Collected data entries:
┌────────

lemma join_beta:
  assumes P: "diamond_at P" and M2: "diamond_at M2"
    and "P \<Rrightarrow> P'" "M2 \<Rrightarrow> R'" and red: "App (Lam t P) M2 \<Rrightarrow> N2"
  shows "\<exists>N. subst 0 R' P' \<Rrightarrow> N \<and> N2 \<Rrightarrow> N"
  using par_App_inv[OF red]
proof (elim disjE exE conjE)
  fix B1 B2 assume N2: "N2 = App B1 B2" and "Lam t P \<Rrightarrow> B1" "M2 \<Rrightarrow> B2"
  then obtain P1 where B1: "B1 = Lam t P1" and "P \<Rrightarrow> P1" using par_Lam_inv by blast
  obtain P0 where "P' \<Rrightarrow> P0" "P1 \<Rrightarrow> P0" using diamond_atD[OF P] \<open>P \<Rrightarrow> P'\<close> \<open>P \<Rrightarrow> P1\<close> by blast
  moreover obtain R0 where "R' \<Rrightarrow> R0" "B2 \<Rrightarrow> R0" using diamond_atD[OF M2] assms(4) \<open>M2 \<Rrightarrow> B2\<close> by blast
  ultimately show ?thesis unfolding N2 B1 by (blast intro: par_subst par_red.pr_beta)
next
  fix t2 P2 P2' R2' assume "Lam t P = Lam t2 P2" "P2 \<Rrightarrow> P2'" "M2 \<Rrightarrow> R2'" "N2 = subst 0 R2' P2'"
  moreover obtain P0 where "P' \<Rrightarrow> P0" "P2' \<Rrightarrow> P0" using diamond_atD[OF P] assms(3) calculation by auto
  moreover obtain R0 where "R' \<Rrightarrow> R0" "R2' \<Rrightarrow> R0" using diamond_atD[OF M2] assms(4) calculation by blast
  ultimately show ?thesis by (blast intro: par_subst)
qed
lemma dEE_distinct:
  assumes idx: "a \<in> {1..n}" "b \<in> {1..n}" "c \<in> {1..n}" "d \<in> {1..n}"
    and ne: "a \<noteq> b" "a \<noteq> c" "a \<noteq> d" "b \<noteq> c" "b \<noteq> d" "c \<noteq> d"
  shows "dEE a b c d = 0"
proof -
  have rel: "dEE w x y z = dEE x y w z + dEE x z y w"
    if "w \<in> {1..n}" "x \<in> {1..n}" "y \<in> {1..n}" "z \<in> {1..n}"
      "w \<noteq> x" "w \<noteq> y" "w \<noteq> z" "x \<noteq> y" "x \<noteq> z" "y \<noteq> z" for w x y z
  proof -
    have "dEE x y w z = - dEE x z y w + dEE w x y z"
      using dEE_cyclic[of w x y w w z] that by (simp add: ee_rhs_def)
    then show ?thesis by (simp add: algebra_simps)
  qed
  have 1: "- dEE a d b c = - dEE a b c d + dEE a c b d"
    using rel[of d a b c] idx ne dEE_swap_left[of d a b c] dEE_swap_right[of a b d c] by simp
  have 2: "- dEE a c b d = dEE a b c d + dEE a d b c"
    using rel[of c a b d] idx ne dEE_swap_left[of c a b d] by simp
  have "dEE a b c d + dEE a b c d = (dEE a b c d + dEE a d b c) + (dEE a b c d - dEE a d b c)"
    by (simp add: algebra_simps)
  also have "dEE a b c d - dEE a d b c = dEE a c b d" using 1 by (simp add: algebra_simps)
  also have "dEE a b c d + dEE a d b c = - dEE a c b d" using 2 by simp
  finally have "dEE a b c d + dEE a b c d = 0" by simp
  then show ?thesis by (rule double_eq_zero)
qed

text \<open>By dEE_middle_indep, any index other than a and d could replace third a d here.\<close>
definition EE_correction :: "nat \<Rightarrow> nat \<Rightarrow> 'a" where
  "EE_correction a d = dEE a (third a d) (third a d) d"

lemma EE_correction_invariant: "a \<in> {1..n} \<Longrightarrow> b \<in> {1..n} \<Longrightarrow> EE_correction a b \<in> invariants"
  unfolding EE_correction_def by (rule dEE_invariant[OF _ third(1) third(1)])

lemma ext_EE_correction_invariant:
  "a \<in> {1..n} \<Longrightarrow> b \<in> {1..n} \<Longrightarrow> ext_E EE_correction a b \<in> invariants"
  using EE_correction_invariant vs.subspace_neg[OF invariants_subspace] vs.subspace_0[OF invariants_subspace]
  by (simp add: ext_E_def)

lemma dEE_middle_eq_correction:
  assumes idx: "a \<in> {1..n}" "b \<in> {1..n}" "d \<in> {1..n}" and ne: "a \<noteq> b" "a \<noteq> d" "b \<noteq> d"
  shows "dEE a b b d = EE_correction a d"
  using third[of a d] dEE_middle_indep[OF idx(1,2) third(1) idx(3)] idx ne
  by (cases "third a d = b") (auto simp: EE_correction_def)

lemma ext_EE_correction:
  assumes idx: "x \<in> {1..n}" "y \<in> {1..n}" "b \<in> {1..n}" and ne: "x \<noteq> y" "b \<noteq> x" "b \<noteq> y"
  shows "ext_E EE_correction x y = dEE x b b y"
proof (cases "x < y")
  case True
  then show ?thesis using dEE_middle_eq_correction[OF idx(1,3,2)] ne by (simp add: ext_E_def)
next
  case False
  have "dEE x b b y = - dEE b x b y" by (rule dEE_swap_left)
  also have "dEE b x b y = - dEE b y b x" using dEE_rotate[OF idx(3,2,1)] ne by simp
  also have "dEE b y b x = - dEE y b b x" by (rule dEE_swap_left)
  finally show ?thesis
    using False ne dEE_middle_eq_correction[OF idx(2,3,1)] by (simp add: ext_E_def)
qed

└────────

What the task asks:
Copy out the lines of the data where the word "then" can be found.

Answer to the problem:
  then obtain P1 where B1: "B1 = Lam t P1" and "P \<Rrightarrow> P1" using par_Lam_inv by blast
    then show ?thesis by (simp add: algebra_simps)
  then show ?thesis by (rule double_eq_zero)
  then show ?thesis using dEE_middle_eq_correction[OF idx(1,3,2)] ne by (simp add: ext_E_def)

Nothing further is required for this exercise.